Sumamos un día, restamos un día... Y siempre con la esperanza de que ese día más es un día menos. Y hoy al pasar la hoja del calendario me sorprende el día en el que estamos: 7 de Abril, Día Mundial de la Salud.

Y es que la vida está llena de paradojas y sin duda, esta es una de ellas... Entonces me surge la curiosidad de por qué celebramos este día, porque la verdad, estaría en mi calendario siempre, pero yo es la primera vez que me paro a pensar en ello... Y resulta que se lleva conmemorando desde 1950, aunque fue en 1948 cuando la Asamblea Mundial de la Salud eligió esta fecha para crear conciencia sobre las enfermedades mortales mundiales y crear hábitos sanos en las personas. Y resulta que ahora el hábito más sano que practicamos y en el que nos insisten cada día es en el de lavarnos las manos... Y pienso, quién le iba a decir a La Organización Mundial de la Salud que 72 años más tarde el mundo entero iba a estar siendo víctima de una pandemia sin precedentes, con unas medidas sin precedentes, con una incertidumbre sin precedentes, con un confinamiento mundial sin precedentes, con una infección y una mortalidad tan agresivas. Sin vacuna y sin saber ni el desarrollo ni el final de este COVID 19.

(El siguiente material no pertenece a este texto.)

(* Let $k>1$, $\gamma>0$, $\delta>1$, and let $Z=\{(\tau,s)\in\mathcal C: g(\tau,s)=0\}$. (A) If $1<\delta<\Phi$ and $\gamma>\gamma_+(\delta)$, then for every $\tau\in(0,1]$ the set $Z\cap(\{\tau\}\times S^1)$ has exactly two points, $Z$ contains no fold point, and $Z$ has exactly two connected components, each meeting every circle $\{\tau\}\times S^1$, $\tau\in(0,1]$, in exactly one point. (B) If $1<\delta<\Phi$ and $0<\gamma<\gamma_+(\delta)$, then there are $0<\tau_1<\tau_2<1$ such that $Z\cap(\{\tau\}\times S^1)$ has exactly two points for $\tau\in(0,\tau_1)\cup(\tau_2,1]$, is the single point $(\tau,\pi/2)$ for $\tau\in\{\tau_1,\tau_2\}$, and is empty for $\tau\in(\tau_1,\tau_2)$; $(\tau_1,\pi/2)$ is a subcritical fold point and $(\tau_2,\pi/2)$ is a supercritical fold point; $Z$ has exactly two connected components, one contained in $\{\tau\le\tau_1\}$ and one in $\{\tau\ge\tau_2\}$. (C) If $\delta>\Phi$, then there is $\tau_0\in(0,1)$ such that $Z\cap(\{\tau\}\times S^1)$ is empty for $\tau<\tau_0$, is the single point $(\tau_0,\pi/2)$ for $\tau=\tau_0$, and has exactly two points for $\tau\in(\tau_0,1]$; $(\tau_0,\pi/2)$ is a supercritical fold point and $Z$ is connected.
   Context: Let $S^1=\mathbb R/2\pi\mathbb Z$ and $\mathcal C=\{(\tau,s):0<\tau\le1,\ s\in S^1\}$. Let $p(\delta)=-\delta^2+\delta+1$, $\Phi=(1+\sqrt5)/2$. For parameters $\delta>1$, $\gamma>0$, $k>0$ define $g:\mathcal C\to\mathbb R$, $g(\tau,s)=\tau^{\delta^2}+\gamma\tau^{\delta^2-\delta}(1+k\sin s)-\tau$; thus $g(\tau,s)=0$ iff $\gamma(1+k\sin s)=\mathcal F_\delta(\tau)$, where $\mathcal F_\delta(\tau)=\tau^{p(\delta)}-\tau^\delta$. For $1<\delta<\Phi$, $M_{\mathcal F}(\delta)=\max_{(0,1]}\mathcal F_\delta>0$, and $\gamma_+(\delta)=M_{\mathcal F}(\delta)/(1+k)$. A fold point is a point $(\tau_0,s_0)\in\mathcal C$ with $g(\tau_0,s_0)=0$ and $\partial g/\partial s(\tau_0,s_0)=0$. It is supercritical if there is a neighbourhood $U$ of $(\tau_0,s_0)$ such that for $\tau>\tau_0$ close to $\tau_0$ the set $\{s:(\tau,s)\in U,\ g(\tau,s)=0\}$ has exactly two elements, for $\tau=\tau_0$ exactly one, and for $\tau<\tau_0$ close to $\tau_0$ none; subcritical if the same holds with the roles of $\tau>\tau_0$ and $\tau<\tau_0$ interchanged. *)

theory Defs
  imports "HOL-Analysis.Analysis"
begin

text \<open>The circle S^1 = R/2piZ is realised as the unit circle in the complex plane via
  s \<mapsto> cis s; the cylinder C is the subset {(tau,z). 0 < tau \<le> 1, |z| = 1} of real \<times> complex.\<close>

definition Phi :: real where "Phi = (1 + sqrt 5) / 2"

definition pexp :: "real \<Rightarrow> real" where "pexp \<delta> = - (\<delta> ^ 2) + \<delta> + 1"

definition FF :: "real \<Rightarrow> real \<Rightarrow> real" where
  "FF \<delta> \<tau> = \<tau> powr (pexp \<delta>) - \<tau> powr \<delta>"
lemma Lp_norm_rmse_le:
  assumes p: "1 \<le> p" and M: "1 \<le> M" and N: "1 \<le> N" and c: "c \<in> borel_measurable borel"
    and var_ft: "\<And>w. w \<in> V \<Longrightarrow> Varz P (smooth V S ft w) > 0"
    and var_f: "\<And>w. w \<in> V \<Longrightarrow> Varz P (smooth V S f w) > 0"
  shows "Lp_norm V p (\<lambda>w. enn_powr (EEV P V f M N (\<lambda>zs ws.
              (c w - cv_estimator P V S f ft M N w zs ws)\<^sup>2)) (1/2))
    \<le> Lp_norm_real V p (\<lambda>w. c w - Ez P (smooth V S f w))
      + Lp_norm_real V p (\<lambda>w. sqrt (1 - (Corrz P (smooth V S f w) (smooth V S ft w))\<^sup>2)
          * sqrt (Varz P (smooth V S f w))) / ennreal (sqrt (real M))
      + Lp_norm_real V p (\<lambda>w. sqrt (Ez P (sigmaS2 V S f w))) / ennreal (sqrt (real N))"
proof -
  define a g1 g2 where "a w = c w - Ez P (smooth V S f w)"
    and "g1 w = sqrt (1 - (Corrz P (smooth V S f w) (smooth V S ft w))\<^sup>2) * sqrt (Varz P (smooth V S f w))"
    and "g2 w = sqrt (Ez P (sigmaS2 V S f w))" for w
  note V = f.V_sets and [measurable] = c
  have [measurable]: "a \<in> borel_measurable borel" "g1 \<in> borel_measurable borel" "g2 \<in> borel_measurable borel"
    unfolding a_def g1_def g2_def Corrz_def Covz_def Varz_def by measurable
  have "Lp_norm V p (\<lambda>w. enn_powr (EEV P V f M N (\<lambda>zs ws.
              (c w - cv_estimator P V S f ft M N w zs ws)\<^sup>2)) (1/2))
      = Lp_norm V p (\<lambda>w. ennreal (sqrt (cv_mse M N (c w) w)))"
    using EEV_eq_cv_mse[OF M N] cv_mse_nonneg by (simp add: enn_powr_ennreal powr_half_sqrt)
  also have "\<dots> \<le> Lp_norm_real V p (\<lambda>w. \<bar>a w\<bar> + g1 w / sqrt (real M) + g2 w / sqrt (real N))"
    unfolding Lp_norm_real_def
  proof (rule Lp_norm_mono[OF V])
    show "ennreal (sqrt (cv_mse M N (c w) w))
        \<le> ennreal \<bar>\<bar>a w\<bar> + g1 w / sqrt (real M) + g2 w / sqrt (real N)\<bar>" if "w \<in> V" for w
      using sqrt_cv_mse_le[OF M N var_ft[OF that] var_f[OF that], of "c w"]
      unfolding a_def g1_def g2_def by (intro ennreal_leI) linarith
  qed measurable
  also have "\<dots> \<le> Lp_norm_real V p (\<lambda>w. \<bar>a w\<bar> + g1 w / sqrt (real M))
      + Lp_norm_real V p (\<lambda>w. g2 w / sqrt (real N))"
    by (rule Lp_norm_real_add[OF V p]; measurable)
  also have "\<dots> \<le> Lp_norm_real V p (\<lambda>w. \<bar>a w\<bar>) + Lp_norm_real V p (\<lambda>w. g1 w / sqrt (real M))
      + Lp_norm_real V p (\<lambda>w. g2 w / sqrt (real N))"
    by (intro add_mono order_refl Lp_norm_real_add[OF V p]; measurable)
  also have "\<dots> \<le> Lp_norm_real V p a + Lp_norm_real V p g1 / ennreal (sqrt (real M))
      + Lp_norm_real V p g2 / ennreal (sqrt (real N))"
    using M N by (intro add_mono Lp_norm_real_divide_le[OF V p]) (auto simp: Lp_norm_real_def)
  finally show ?thesis
    unfolding a_def g1_def g2_def .
qed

¡Ay La Vida! Ahora es más cierto que nunca, eso de que no valoramos la salud hasta que la perdemos, aunque eso es aplicable a la salud y a otras tantas cosas de las que no éramos conscientes... Pero la realidad de este virus es que ya no es una enfermedad de esas que vemos por la tele o que leemos que se ha llevado miles de vidas en África o en Indonesia. Asistíamos inmunes a los dramas del mundo y a las malas noticias y más si eran lejos o en otro continente, como si eso no fuera con nosotros... Pero este virus ha venido a ponernos los pies en la tierra porque cada vez nos toca más de cerca y no discrimina, no entiende de nacionalidades, ni de sexos, ni de clases sociales, ni de parentescos y de lo que más entiende, por desgracia, es de edades y parece que las que más le gustan son las que más nos duelen, las que son la base de nuestra sociedad: Las de nuestros padres, de nuestros abuelos. Ellos que son el pilar fundamental de la familia. Ellos que hicieron posible que hoy estemos aquí. Ellos que sacrificaron sus vidas para que las nuestras fueran mejores. Ellos que son los que de verdad no se deben quedar atrás...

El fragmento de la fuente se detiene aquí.